Sunday, 21 October 2012

Bees think it's Summer!

What a lovely day - sunny and warm after a cold, misty start.
Far too good to sit in and read the Sunday papers.  They'll have
to wait!
All hives, Blue, Red, Yellow and Silver have loads of bees literally
hurtling in and out.  Because the entrance to each hive is only one-bee
width now to stop robbing and mice the bees are queueing up to get in.
When they come out the fly fast in a big upward spiral before shooting off.
Where to??  Well the Michaelmas Daisy bushes are teeming with honey bees,
bluebottles, hover flies, small furry bumblebees, and some wasps.  The noise
of contented buzzing is very loud.  More than I've heard all Summer.
Unfortunately the flight path from the hives crosses the washing on the line.
So QB needs to duck out of the way now and again!
More Syrup is mixed ready for feeding tonight.

Friday, 19 October 2012

Indian last?

When the fog and mist finally cleared today I went out into the veg. garden.
One of the few successes this year has been (unexpectedly) the carrot crop.
 They need digging now as I am noticing some mouse-nibbly holes in them.
The sun was warm and the birds were singing and, guess what?  The borders were
buzzing - yes - the honey bees were out again!  There's not much for them but does
that deter them?  Oh no!!  Globe Thistle, perennial and annual Rudbeckia, thyme, lemon
balm - well quite a lot really.  Every hive was sending out workers to forage.
This means that the winter stores will be being used - so they'll need some syrup feed
Mustn't forget to put rocks on the hive roofs to stop the badgers getting in.  Yes there has
been evidence of regular nightly visits -- Stiff black & white hairs in the trays below the
brood boxes; long claw scratch marks across the landing platforms; paw prints in the mud on the path.  Badgers can do a lot of damage in their search for honey comb.

Thursday, 18 October 2012

An unusual request

Our good friend Ga - bee from Germany came to stay.
The bees are still storing honey(from the sugar syrup we feed to them).
Ga-bee asked if she could come and feed the bees with me.  I've never
had such a request before.  Specially unexpected as it was pouring with
rain and nearly dark.  This is the best time of day to feed as there is less
chance of other colonies robbing the hives with the fresh, warm syrup.
Anyway, she fed the Blue hive - remember they are a bit later than Red,
Yellow and Silver as they have been out foraging on the heather moors.
We stood and watched and listened to the busy workers as they gorged
on the warm syrup. Gaby was as fascinated as I always am.

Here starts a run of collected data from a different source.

lemma sum_weighted_le_by_schedule:
  fixes w g :: "'a \<Rightarrow> real" and Ls :: "nat \<Rightarrow> 'a set"
  assumes "finite B" "0 < T" "\<forall>e\<in>B. 0 \<le> w e"
    and "\<forall>e\<in>B. real T * g e \<le> real (card {t. t < T \<and> e \<in> Ls t})"
    and "\<forall>t<T. (\<Sum>e\<in>B \<inter> Ls t. w e) \<le> C"
  shows "(\<Sum>e\<in>B. w e * g e) \<le> C"
proof -
  have card_eq: "real (card {t. t < T \<and> e \<in> Ls t}) = (\<Sum>t<T. if e \<in> Ls t then 1 else 0)" for e
  proof -
    have "{t. t < T \<and> e \<in> Ls t} = {..<T} \<inter> {t. e \<in> Ls t}" by auto
    then show ?thesis by (simp add: sum.If_cases)
  qed
  have "real T * (\<Sum>e\<in>B. w e * g e) = (\<Sum>e\<in>B. w e * (real T * g e))"
    by (simp add: sum_distrib_left mult_ac)
  also have "\<dots> \<le> (\<Sum>e\<in>B. w e * real (card {t. t < T \<and> e \<in> Ls t}))"
    using assms(3,4) by (intro sum_mono mult_left_mono) auto
  also have "\<dots> = (\<Sum>t<T. \<Sum>e\<in>B \<inter> Ls t. w e)"
    unfolding card_eq sum_distrib_left sum.inter_restrict[OF assms(1)]
    by (subst sum.swap) (simp add: if_distrib cong: if_cong)
  also have "\<dots> \<le> (\<Sum>t<T. C)"
    using assms(5) by (intro sum_mono) auto
  finally show ?thesis using assms(2) by simp
qed

lemma divide_le_if_ge_1:
  fixes x b lam :: real
  assumes "x \<le> b" "0 \<le> b" "1 \<le> lam"
  shows "x / lam \<le> b"
proof (cases "0 \<le> x")
  case True
  then have "x / lam \<le> x" using assms(3) by (simp add: divide_le_eq mult_le_cancel_left1)
  then show ?thesis using assms(1) by linarith
next
  case False
  then have "x / lam \<le> 0" using assms(3) by (simp add: divide_nonpos_pos)
  then show ?thesis using assms(2) by linarith
qed

lemma flow_val_divide: "flow_val Lk s (\<lambda>e. g e / lam) = flow_val Lk s g / lam"
  by (simp add: flow_val_def sum_divide_distrib diff_divide_distrib)

lemma tot_flow_divide: "tot_flow k (\<lambda>j e. f j e / lam) e = tot_flow k f e / lam"
  by (simp add: tot_flow_def sum_divide_distrib)

lemma tot_val_divide: "tot_val Lk k src (\<lambda>j e. f j e / lam) = tot_val Lk k src f / lam"
  by (simp add: tot_val_def flow_val_divide sum_divide_distrib)

lemma is_flow_divide: "is_flow V Lk s t g \<Longrightarrow> 0 < lam \<Longrightarrow> is_flow V Lk s t (\<lambda>e. g e / lam)"
  by (simp add: is_flow_def sum_divide_distrib[symmetric])

lemma in_F_divide:
  assumes "in_F V Lk k src snk b f" "\<forall>j<k. 0 \<le> b j" "1 \<le> lam"
  shows "in_F V Lk k src snk b (\<lambda>j e. f j e / lam)"
  using assms is_flow_divide[of V Lk _ _ _ lam]
  unfolding in_F_def by (simp add: flow_val_divide tot_flow_divide divide_le_if_ge_1)

lemma tot_val_le_Fstar:
  assumes "lp_feasible \<alpha> N \<beta> V Lk k src snk b g"
  shows "tot_val Lk k src g \<le> Fstar \<alpha> N \<beta> V Lk k src snk b"
proof -
  have "bdd_above {tot_val Lk k src g | g. lp_feasible \<alpha> N \<beta> V Lk k src snk b g}"
  proof (rule bdd_aboveI)
    fix x assume "x \<in> {tot_val Lk k src g | g. lp_feasible \<alpha> N \<beta> V Lk k src snk b g}"
    then obtain g where "x = tot_val Lk k src g" "lp_feasible \<alpha> N \<beta> V Lk k src snk b g"
      by auto
    then show "x \<le> (\<Sum>j<k. b j)"
      unfolding tot_val_def lp_feasible_def in_F_def by (auto intro: sum_mono)
  qed
  then show ?thesis
    unfolding Fstar_def using assms by (auto intro: cSup_upper)
qed

definition coupling_const :: "real \<Rightarrow> real \<Rightarrow> real" where
  "coupling_const \<beta> \<epsilon> = max 1 (2 * (\<beta> * (1 + \<epsilon>) / \<epsilon>))"

lemma coupling_const_ge_1: "1 \<le> coupling_const \<beta> \<epsilon>"
  by (simp add: coupling_const_def)

locale sinr_instance =
  fixes \<alpha> N \<beta> \<epsilon> :: real and V :: "node set" and Lk :: "link set"
  assumes alpha_nonneg: "0 \<le> \<alpha>" and noise_pos: "0 < N" and beta_pos: "0 < \<beta>"
    and eps_pos: "0 < \<epsilon>" and well_formed: "instance_ok \<alpha> N \<beta> \<epsilon> V Lk"
begin

lemma finite_links: "finite Lk"
  using well_formed by (simp add: instance_ok_def)

lemma sig_lower: "e \<in> Lk \<Longrightarrow> (1 + \<epsilon>) * \<beta> * N \<le> sig \<alpha> e"
  using well_formed noise_pos by (auto simp: instance_ok_def field_simps)

lemma sig_pos: "e \<in> Lk \<Longrightarrow> 0 < sig \<alpha> e"
  using sig_lower[of e] beta_pos eps_pos noise_pos
  by (smt (verit) mult_pos_pos)

lemma power_pos: "e \<in> Lk \<Longrightarrow> 0 < power e"
  using well_formed by (simp add: instance_ok_def)

lemma len_pos: "e \<in> Lk \<Longrightarrow> 0 < len e"
  using well_formed by (simp add: instance_ok_def len_def)

lemma power_eq_sig: "e \<in> Lk \<Longrightarrow> power e = sig \<alpha> e * dpow \<alpha> (len e)"
  using dpow_pos[OF len_pos, of e \<alpha>] by (simp add: sig_def)

lemma gam_nonneg: "e \<in> Lk \<Longrightarrow> 0 \<le> gam \<alpha> N \<beta> e"
proof -
  assume e: "e \<in> Lk"
  have "\<epsilon> * \<beta> * N \<le> sig \<alpha> e - \<beta> * N" using sig_lower[OF e] by (simp add: algebra_simps)
  moreover have "0 < \<epsilon> * \<beta> * N" using eps_pos beta_pos noise_pos by simp
  ultimately show ?thesis
    unfolding gam_def using sig_pos[OF e] beta_pos by simp
qed

lemma gam_le: "e \<in> Lk \<Longrightarrow> gam \<alpha> N \<beta> e \<le> \<beta> * (1 + \<epsilon>) / \<epsilon>"
proof -
  assume e: "e \<in> Lk"
  have gap: "\<epsilon> * \<beta> * N \<le> sig \<alpha> e - \<beta> * N" "0 < \<epsilon> * \<beta> * N"
    using sig_lower[OF e] eps_pos beta_pos noise_pos by (simp_all add: algebra_simps)
  have "\<beta> * ((1 + \<epsilon>) * \<beta> * N) \<le> \<beta> * sig \<alpha> e"
    using sig_lower[OF e] beta_pos by simp
  then have "\<beta> * sig \<alpha> e * \<epsilon> \<le> \<beta> * (1 + \<epsilon>) * (sig \<alpha> e - \<beta> * N)"
    by (simp add: algebra_simps)
  then show ?thesis
    unfolding gam_def using gap eps_pos by (simp add: field_simps)
qed

lemma gam_ratio_bounds:
  assumes "e1 \<in> bucket \<alpha> Lk i" "e2 \<in> bucket \<alpha> Lk i"
  shows "0 \<le> gam \<alpha> N \<beta> e1 * sig \<alpha> e2 / sig \<alpha> e1"
    and "gam \<alpha> N \<beta> e1 * sig \<alpha> e2 / sig \<alpha> e1 \<le> coupling_const \<beta> \<epsilon>"
proof -
  have e: "e1 \<in> Lk" "e2 \<in> Lk" using assms by (simp_all add: bucket_def)
  have ratio: "0 \<le> sig \<alpha> e2 / sig \<alpha> e1" "sig \<alpha> e2 / sig \<alpha> e1 \<le> 2"
    using bucket_sig_le_double[OF assms(2,1)] sig_pos[OF e(1)] sig_pos[OF e(2)]
    by (simp_all add: field_simps)
  show "0 \<le> gam \<alpha> N \<beta> e1 * sig \<alpha> e2 / sig \<alpha> e1"
    using gam_nonneg[OF e(1)] ratio(1) by (metis times_divide_eq_right mult_nonneg_nonneg)
  have "gam \<alpha> N \<beta> e1 * (sig \<alpha> e2 / sig \<alpha> e1) \<le> \<beta> * (1 + \<epsilon>) / \<epsilon> * 2"
    using gam_le[OF e(1)] gam_nonneg[OF e(1)] ratio by (intro mult_mono) auto
  then show "gam \<alpha> N \<beta> e1 * sig \<alpha> e2 / sig \<alpha> e1 \<le> coupling_const \<beta> \<epsilon>"
    unfolding coupling_const_def by (simp add: mult.commute)
qed

lemma abar_eq_capped_ratio:
  "e' \<in> Lk \<Longrightarrow> abar \<alpha> N \<beta> e' e
     = capped_ratio \<alpha> (gam \<alpha> N \<beta> e * sig \<alpha> e' / sig \<alpha> e) (len e') (xdist e' e)"
  by (simp add: abar_def capped_ratio_def xsig_def power_eq_sig mult_ac)

lemma abar_nonneg: "e \<in> Lk \<Longrightarrow> e' \<in> Lk \<Longrightarrow> 0 \<le> abar \<alpha> N \<beta> e' e"
  using abar_eq_capped_ratio[of e' e] gam_nonneg[of e] sig_pos[of e] sig_pos[of e']
  by (simp add: capped_ratio_nonneg)
theorem lemma3p6:
  fixes a b :: "int \<Rightarrow> complex" and ea eb :: complex and ca cb :: int
  assumes "laurent a" and "laurent b" and "b \<noteq> (\<lambda>_. 0)"
    and "ea \<in> {1, -1}" and "eb \<in> {1, -1}"
    and "has_sym_type a ea ca" and "has_sym_type b eb cb"
  shows "((ea * eb = 1 \<or> odd (ca - cb)) \<longrightarrow>
           (\<exists>q. laurent q \<and> has_sym_type q (ea * eb) (ca - cb)
                \<and> len (a - lmult b q) < len b
                \<and> has_sym_type (a - lmult b q) ea ca))
       \<and> ((ea * eb = -1 \<and> even (ca - cb)) \<longrightarrow>
           (\<exists>q. laurent q \<and> has_sym_type q (ea * eb) (ca - cb)
                \<and> len (a - lmult b q) \<le> len b
                \<and> has_sym_type (a - lmult b q) ea ca))"
proof -
  obtain mn mx where "support b \<subseteq> {mn..mx}" and "b mn \<noteq> 0" and "b mx \<noteq> 0"
    using support_bounds[OF assms(2,3)] by blast
  note divisor = assms(2,7,5) this and dividend = assms(1,6,4)
  show ?thesis
    using symmetric_division_odd[OF divisor dividend]
      symmetric_division_even[OF divisor dividend]
      symmetric_division_even_same_sign[OF divisor dividend]
    by blast
qed

end
lemma has_real_derivative_reflect:
  assumes "(f has_real_derivative d) (at (c - x))"
  shows "((\<lambda>y. f (c - y)) has_real_derivative - d) (at x)"
proof -
  have "((\<lambda>y. c - y) has_real_derivative -1) (at x)"
    by (auto intro!: derivative_eq_intros)
  from DERIV_chain2[OF assms this] show ?thesis
    by simp
qed

lemma has_real_derivative_unique_on_interval:
  fixes f g :: "real \<Rightarrow> real"
  assumes "lo < hi" "x \<in> {lo..hi}"
    and "(f has_real_derivative a) (at x)" "(g has_real_derivative b) (at x)"
    and "\<And>y. y \<in> {lo..hi} \<Longrightarrow> f y = g y"
  shows "a = b"
proof -
  have "(f has_real_derivative b) (at x within {lo..hi})"
    by (rule has_field_derivative_transform_within[OF _ zero_less_one assms(2)])
       (use has_field_derivative_at_within[OF assms(4)] assms(5) in auto)
  moreover have "(f has_real_derivative a) (at x within {lo..hi})"
    using has_field_derivative_at_within[OF assms(3)] .
  ultimately show ?thesis
    using vector_derivative_unique_within_closed_interval[of lo hi x f a b] assms(1,2)
    by (simp add: has_real_derivative_iff_has_vector_derivative)
qed

lemma strict_mono_on_sign_change:
  fixes h :: "real \<Rightarrow> real"
  assumes "lo \<le> hi" "strict_mono_on {lo..hi} h"
  obtains m where "m \<in> {lo..hi}"
    "\<And>x. x \<in> {lo..hi} \<Longrightarrow> x < m \<Longrightarrow> h x < 0"
    "\<And>x. x \<in> {lo..hi} \<Longrightarrow> m < x \<Longrightarrow> h x > 0"
proof -
  define A where "A = insert lo {x \<in> {lo..hi}. h x < 0}"
  define m where "m = Sup A"
  have "bdd_above A"
    using assms(1) by (auto simp: A_def intro: bdd_aboveI[of _ hi])
  have "m \<in> {lo..hi}"
    using assms(1) \<open>bdd_above A\<close> unfolding m_def by (auto intro: cSup_upper cSup_least simp: A_def)
  moreover have "h x < 0" if "x \<in> {lo..hi}" "x < m" for x
  proof -
    obtain a where "a \<in> A" "x < a"
      using \<open>x < m\<close> less_cSup_iff[OF _ \<open>bdd_above A\<close>] unfolding m_def A_def by blast
    with that have "a \<in> {lo..hi}" "h a < 0"
      by (auto simp: A_def)
    with that \<open>x < a\<close> show ?thesis
      using strict_mono_onD[OF assms(2)] by fastforce
  qed
  moreover have "h x > 0" if "x \<in> {lo..hi}" "m < x" for x
  proof -
    have "h y \<ge> 0" if "y \<in> {lo..hi}" "m < y" for y
      using that cSup_upper[OF _ \<open>bdd_above A\<close>, of y] by (force simp: A_def m_def)
    then have "h ((m + x) / 2) \<ge> 0"
      using \<open>m \<in> {lo..hi}\<close> that by simp
    moreover have "h ((m + x) / 2) < h x"
      using assms(2) \<open>m \<in> {lo..hi}\<close> that by (simp add: strict_mono_on_def)
    ultimately show ?thesis
      by linarith
  qed
  ultimately show ?thesis
    using that by blast
qed

lemma strictly_single_dipped_if_deriv_factor:
  fixes g h p :: "real \<Rightarrow> real"
  assumes "lo \<le> hi" "strict_mono_on {lo..hi} h"
    and g': "\<And>x. x \<in> {lo..hi} \<Longrightarrow> (g has_real_derivative h x * p x) (at x)"
    and p: "\<And>x. x \<in> {lo..hi} \<Longrightarrow> p x > 0"
  shows "strictly_single_dipped g lo hi"
proof -
  obtain m where m: "m \<in> {lo..hi}"
    and neg: "\<And>x. x \<in> {lo..hi} \<Longrightarrow> x < m \<Longrightarrow> h x < 0"
    and pos: "\<And>x. x \<in> {lo..hi} \<Longrightarrow> m < x \<Longrightarrow> h x > 0"
    using strict_mono_on_sign_change[OF assms(1,2)] by blast
  have cont: "continuous_on {x..y} g" if "lo \<le> x" "y \<le> hi" for x y
  proof (rule DERIV_atLeastAtMost_imp_continuous_on)
    show "\<exists>d. (g has_real_derivative d) (at z)" if "x \<le> z" "z \<le> y" for z
      using g'[of z] \<open>lo \<le> x\<close> \<open>y \<le> hi\<close> that by auto
  qed
  show ?thesis
    unfolding strictly_single_dipped_def
  proof (intro bexI[OF _ m] conjI ballI impI)
    fix x y assume xy: "x \<in> {lo..m}" "y \<in> {lo..m}" "x < y"
    show "g y < g x"
    proof (rule DERIV_neg_imp_decreasing_open[OF \<open>x < y\<close>])
      fix z assume "x < z" "z < y"
      with xy m have "z \<in> {lo..hi}" "z < m"
        by auto
      then show "\<exists>d. (g has_real_derivative d) (at z) \<and> d < 0"
        by (intro exI[of _ "h z * p z"] conjI g' mult_neg_pos neg p)
    qed (use xy m in \<open>auto intro: cont\<close>)
  next
    fix x y assume xy: "x \<in> {m..hi}" "y \<in> {m..hi}" "x < y"
    show "g x < g y"
    proof (rule DERIV_pos_imp_increasing_open[OF \<open>x < y\<close>])
      fix z assume "x < z" "z < y"
      with xy m have "z \<in> {lo..hi}" "m < z"
        by auto
      then show "\<exists>d. (g has_real_derivative d) (at z) \<and> d > 0"
        by (intro exI[of _ "h z * p z"] conjI g' mult_pos_pos pos p)
    qed (use xy m in \<open>auto intro: cont\<close>)
  qed
qed

lemma has_real_derivative_partial_fst:
  fixes G :: "real \<times> real \<Rightarrow> real"
  assumes "G differentiable (at (x, y))"
  shows "((\<lambda>x'. G (x', y)) has_real_derivative frechet_derivative G (at (x, y)) (1, 0)) (at x)"
proof -
  let ?L = "frechet_derivative G (at (x, y))"
  have G: "(G has_derivative ?L) (at (x, y))"
    using assms frechet_derivative_works by blast
  have "((\<lambda>x'. (x', y)) has_derivative (\<lambda>h. (h, 0))) (at x)"
    by (auto intro!: derivative_eq_intros)
  from has_derivative_compose[OF this, of G ?L] G
  have "((\<lambda>x'. G (x', y)) has_derivative (\<lambda>h. ?L (h, 0))) (at x)"
    by simp
  moreover have "(\<lambda>h. ?L (h, 0)) = (\<lambda>h. ?L (1, 0) * h)"
  proof
    fix h :: real
    show "?L (h, 0) = ?L (1, 0) * h"
      using linear_cmul[OF has_derivative_linear[OF G], of h "(1, 0)"] by (simp add: mult.commute)
  qed
  ultimately show ?thesis
    by (simp add: has_field_derivative_def)
qed

lemma has_real_derivative_partial_snd:
  fixes G :: "real \<times> real \<Rightarrow> real"
  assumes "G differentiable (at (x, y))"
  shows "((\<lambda>y'. G (x, y')) has_real_derivative frechet_derivative G (at (x, y)) (0, 1)) (at y)"
proof -
  let ?L = "frechet_derivative G (at (x, y))"
  have G: "(G has_derivative ?L) (at (x, y))"
    using assms frechet_derivative_works by blast
  have "((\<lambda>y'. (x, y')) has_derivative (\<lambda>h. (0, h))) (at y)"
    by (auto intro!: derivative_eq_intros)
  from has_derivative_compose[OF this, of G ?L] G
  have "((\<lambda>y'. G (x, y')) has_derivative (\<lambda>h. ?L (0, h))) (at y)"
    by simp
  moreover have "(\<lambda>h. ?L (0, h)) = (\<lambda>h. ?L (0, 1) * h)"
  proof
    fix h :: real
    show "?L (0, h) = ?L (0, 1) * h"
      using linear_cmul[OF has_derivative_linear[OF G], of h "(0, 1)"] by (simp add: mult.commute)
  qed
  ultimately show ?thesis
    by (simp add: has_field_derivative_def)
qed

lemma second_difference_mean_value:
  fixes F Fx Fxy :: "real \<times> real \<Rightarrow> real"
  assumes "a < a'" "b < b'"
    and Fx: "\<And>x y. x \<in> {a..a'} \<Longrightarrow> y \<in> {b..b'} \<Longrightarrow>
               ((\<lambda>x. F (x, y)) has_real_derivative Fx (x, y)) (at x)"
    and Fxy: "\<And>x y. x \<in> {a..a'} \<Longrightarrow> y \<in> {b..b'} \<Longrightarrow>
               ((\<lambda>y. Fx (x, y)) has_real_derivative Fxy (x, y)) (at y)"
  shows "\<exists>\<xi>\<in>{a<..<a'}. \<exists>\<eta>\<in>{b<..<b'}.
           F (a', b') - F (a', b) - F (a, b') + F (a, b) = (a' - a) * (b' - b) * Fxy (\<xi>, \<eta>)"
proof -
  have "\<exists>\<xi>>a. \<xi> < a' \<and> (F (a', b') - F (a', b)) - (F (a, b') - F (a, b)) =
          (a' - a) * (Fx (\<xi>, b') - Fx (\<xi>, b))"
    by (rule MVT2[OF \<open>a < a'\<close>]) (use \<open>b < b'\<close> in \<open>auto intro!: DERIV_diff Fx\<close>)
  then obtain \<xi> where \<xi>: "a < \<xi>" "\<xi> < a'"
    and eq\<xi>: "(F (a', b') - F (a', b)) - (F (a, b') - F (a, b)) = (a' - a) * (Fx (\<xi>, b') - Fx (\<xi>, b))"
    by blast
  have "\<exists>\<eta>>b. \<eta> < b' \<and> Fx (\<xi>, b') - Fx (\<xi>, b) = (b' - b) * Fxy (\<xi>, \<eta>)"
    by (rule MVT2[OF \<open>b < b'\<close>]) (use \<xi> in \<open>auto intro!: Fxy\<close>)
  then obtain \<eta> where "b < \<eta>" "\<eta> < b'" "Fx (\<xi>, b') - Fx (\<xi>, b) = (b' - b) * Fxy (\<xi>, \<eta>)"
    by blast
  with \<xi> eq\<xi> show ?thesis
    by (intro bexI[of _ \<xi>] bexI[of _ \<eta>]) (auto simp: algebra_simps)
qed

The house is scented with the soft sweet smell of beeswax this week.
I am making candles to sell at Christmas.
Queen Bee will be hibernating very soon.  Look out for a lovely poem
from "The Bees" by Carol Ann Duffy.  That will be my signing off till
next Spring.

Friday, 12 October 2012


Oh, my!!  The weather is cold enough for those pesky little
mice to be looking into the hives for warmth.
Just checked the hives again - one more trapped mouse.
Add this to the 16 caught nibbling at the baby brussel sprouts
and you can see the size of our problem.


Monday, 8 October 2012

The Garden's Buzzing!

Interestingly two colonies have stopped taking syrup
and two are still sipping and storing.  Now the interesting part
is that the two which have stopped feeding have mouse nests
in the top of their hives but the two which are still feeding have no mice.
QB assumes that mice only dare enter if the colony is clustering.  Then
the mice can sneak in because there will be no guards at the entrance. 
Last night we had the heaviest frost of the season.
Almost all the flowers died overnight except for a few cosmos, nasturtiums
and rudbeckia.  And yet the garden is buzzing today.  The sun is bright and
still has some warmth in it.
I think these black northern bees (Apis mellifera mellifera) are the toughest of all
the species.

Thursday, 4 October 2012


Lovely sunny day today but temp. only 12C.  Tough Northern
black bees are not deterred and have been foraging for winter stores.
Cosmos and rudbeckia and a late budleia (wrong sp.?) have been most
attractive today.
We have done a varroa mite count after putting a thymol paste into each
hive.  Each colony averaged just 1 dead mite/day.  So there's nothing to
worry about - unless the mites have become resistant to the treatment!
Very unlikely- let's think positive!
Two hives are showing evidence of mice making nests above the top
boards.  They use shredded insulation material (sacking and carpet
underfelt).  We need to catch them in humane traps and release them
a long way away.  If we leave them the mice may venture into the brood nest
as the weather gets colder and the bees cluster.   They cause a lot of damage
as they gnaw at the wax combs.  If the bees become active they may sting the
mice to death but the comb damage will have already been done.

Monday, 1 October 2012


All the colonies have been active today. It has been warmer.
Bees have been out on the platforms pushing out drones
and repelling robbers.  There are a lot of tiny furry bodies
strewed around.  We are still feeding them with sugar syrup
but this is done at dusk (I have just come back in) so they can
get to work moving it into the combs overnight.  This should
reduce robbing by other bees and wasps.
I also did a count of the dead varroa mites on the trays beneath
the hive floor.  The average across all colonies was 1 mite per day.
Nothing to worry about.  The colonies are well set to survive the winter.
The critical factor now is if there is enough food stored to last them the
winter and also if they can reach the stores when they are clustering.
So many "ifs" and "buts" and "what ifs"!!!